The Revised Rules inject new and potentially troublesome timing elements into the review procedure. MOFCOM must determine that a proposed concentration will actually generate an anti-competitive effect, or be likely to do so, "in a timely manner". By contrast, business operators must propose a final remedial plan within a fixed period, i.e. 20 days before the expiration of the in-depth review process (which could mean 100 days after the review process begins, or 160 days, if the "extended" in-depth period is included). Finally, the Revised Rules impose a so-called "crown jewel" mechanism to protect the value of a proposed concentration, where MOFCOM may require the business operators to suggest an alternative remedy where there is a risk that the proposed remedy cannot be implemented.

Action items

GC involved in a merger control review with the potential for an adverse MOFCOM ruling will wish to familiarize themselves with the various remedies available under the Revised Rules with a view toward developing a strategy for negotiating a solution to enable the concentration to proceed.
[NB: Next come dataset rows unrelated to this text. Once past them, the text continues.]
(* Let $\epsilon\in(0,1)$ and let $h>0$ be arbitrary. Then there exists an initial value $u_0\in\mathbb{R}$ such that the sequence $(u_n)_{n\ge 0}$ generated by the explicit Euler scheme $$\frac{u_n-u_{n-1}}{h}+\frac{1}{\epsilon^2}\big(u_{n-1}^3-u_{n-1}\big)=0,\qquad n\ge 1,$$ converges to an incorrect steady state, i.e. $\lim_{n\to\infty}u_n$ exists and $\lim_{n\to\infty}u_n\neq \mathrm{sign}(u_0)$.
   Context: The scheme discretizes the ODE $u'(t)+\frac{1}{\epsilon^2}(u^3-u)=0$, $u(0)=u_0$, whose exact solution converges to $\mathrm{sign}(u_0)\in\{-1,0,1\}$ as $t\to\infty$ (with $\mathrm{sign}(0)=0$). A numerical solution is said to converge to the correct steady state if $\lim_{n\to\infty}u_n=\mathrm{sign}(u_0)$. *)

theory Defs
  imports Complex_Main
begin

fun euler_seq :: "real \<Rightarrow> real \<Rightarrow> real \<Rightarrow> nat \<Rightarrow> real" where
  "euler_seq eps h u0 0 = u0"
| "euler_seq eps h u0 (Suc n) =
     euler_seq eps h u0 n - h / eps^2 * ((euler_seq eps h u0 n)^3 - euler_seq eps h u0 n)"

end

theory Submission
  imports Defs
begin

text \<open>The explicit Euler step sends u to u (1 + k - k u^2) with k = h / eps^2, so besides the
  fixed point 0 it also maps the positive number sqrt (1 + 1/k) to 0. Started there, the
  scheme reaches 0 after one step and stays there, whereas the correct steady state is 1.
  This works for every h > 0 and eps \<noteq> 0.\<close>

lemma euler_seq_Suc_shift:
  "euler_seq eps h u0 (Suc n) = euler_seq eps h (euler_seq eps h u0 1) n"
  by (induction n) simp_all

lemma euler_seq_from_zero: "euler_seq eps h 0 n = 0"
  by (induction n) simp_all

lemma euler_seq_tendsto_zero_if_step_zero:
  assumes "euler_seq eps h u0 1 = 0"
  shows "euler_seq eps h u0 \<longlonglongrightarrow> 0"
proof -
  have "(\<lambda>n. euler_seq eps h u0 (Suc n)) = (\<lambda>n. 0)"
    using assms by (metis euler_seq_Suc_shift euler_seq_from_zero)
  then show ?thesis
    by (metis LIMSEQ_imp_Suc tendsto_const)
qed

lemma euler_step_spurious_root:
  fixes eps h :: real
  assumes "eps \<noteq> 0" and "0 < h"
  shows "euler_seq eps h (sqrt (1 + eps\<^sup>2 / h)) 1 = 0"
proof -
  define k where "k = h / eps\<^sup>2"
  define a where "a = sqrt (1 + eps\<^sup>2 / h)"
  have "k * a\<^sup>2 = 1 + k"
    using assms by (simp add: a_def k_def add_pos_pos field_simps)
  have "euler_seq eps h a 1 = a * (1 + k - k * a\<^sup>2)"
    by (simp add: k_def algebra_simps power3_eq_cube power2_eq_square)
  also have "\<dots> = 0" using \<open>k * a\<^sup>2 = 1 + k\<close> by simp
  finally show ?thesis by (simp add: a_def)
qed

theorem lemma2p1:
  fixes eps h :: real
  assumes "0 < eps" and "eps < 1" and "0 < h"
  shows "\<exists>u0 :: real. \<exists>L :: real.
           euler_seq eps h u0 \<longlonglongrightarrow> L \<and> L \<noteq> sgn u0"
proof -
  define u0 where "u0 = sqrt (1 + eps\<^sup>2 / h)"
  have "euler_seq eps h u0 \<longlonglongrightarrow> 0"
    using assms euler_step_spurious_root[of eps h]
    by (simp add: u0_def euler_seq_tendsto_zero_if_step_zero)
  moreover have "sgn u0 = 1"
    using assms by (simp add: u0_def add_pos_pos)
  ultimately show ?thesis by force
qed

end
MLR Issues Implementing Rules for National Property Registration System

On 26 March 2015 the Ministry of Land and Resources (MLR) circulated a draft of the Implementing Rules of the Interim Regulations on the Registration of Immovable Assets 2015 for public comment. The Draft Implementing Rules, together with the Interim Regulations on Real Estate Registration 2014, which took effect 1 March 2015, will lead to the establishment of a nationwide real property registration system in China.
The current registration system is administered by a number of government authorities largely based on different local rules. For example, the land use rights and building ownership of a property may be jointly or separately administered depending on the locality. In cities where the registration is separately administered, searches must be conducted on separate registries at the relevant government authorities (for example, at the MLR for land use rights and at Ministry of Housing and Urban-Rural Development for building ownership).
The new system, which is currently being led by a single regulator, i.e. the MLR, involves a unified registration system which was launched in Xuzhou, Luzhou, Qingdao and other cities in March, with other cities including Nanjing, Ningbo and Zhengzhou to follow. The new system is expected to be fully implemented nationwide by 2020. Any rights holder or other "interested party" will be permitted to conduct a property search, and registration information will be shared among government agencies, including the tax and public security authorities. The move is seen as a possible precursor to a real estate tax and as a tool in the government’s anti-corruption campaign, but it remains to be seen whether it will significantly aid court enforcement actions. In the view of Rico Chan, a real estate partner at Baker & McKenzie in Hong Kong, "this unified registration of various types of immovable property rights should help to reduce transaction risks, but some systemic risks (such as the possibility of an intervening court attachment order in the middle of a transaction) remain."

Action items

GC across all sectors may wish to keep a close eye on the progress of this new system as this will not only affect the perfection of security over immovable assets but will also affect every company that acquires or leases offices in China. All GC responsible for China operations will need to familiarise themselves with the process of conducting a comprehensive search of the new property register to find out whether any prior mortgage or prior lease has been registered against their proposed China office.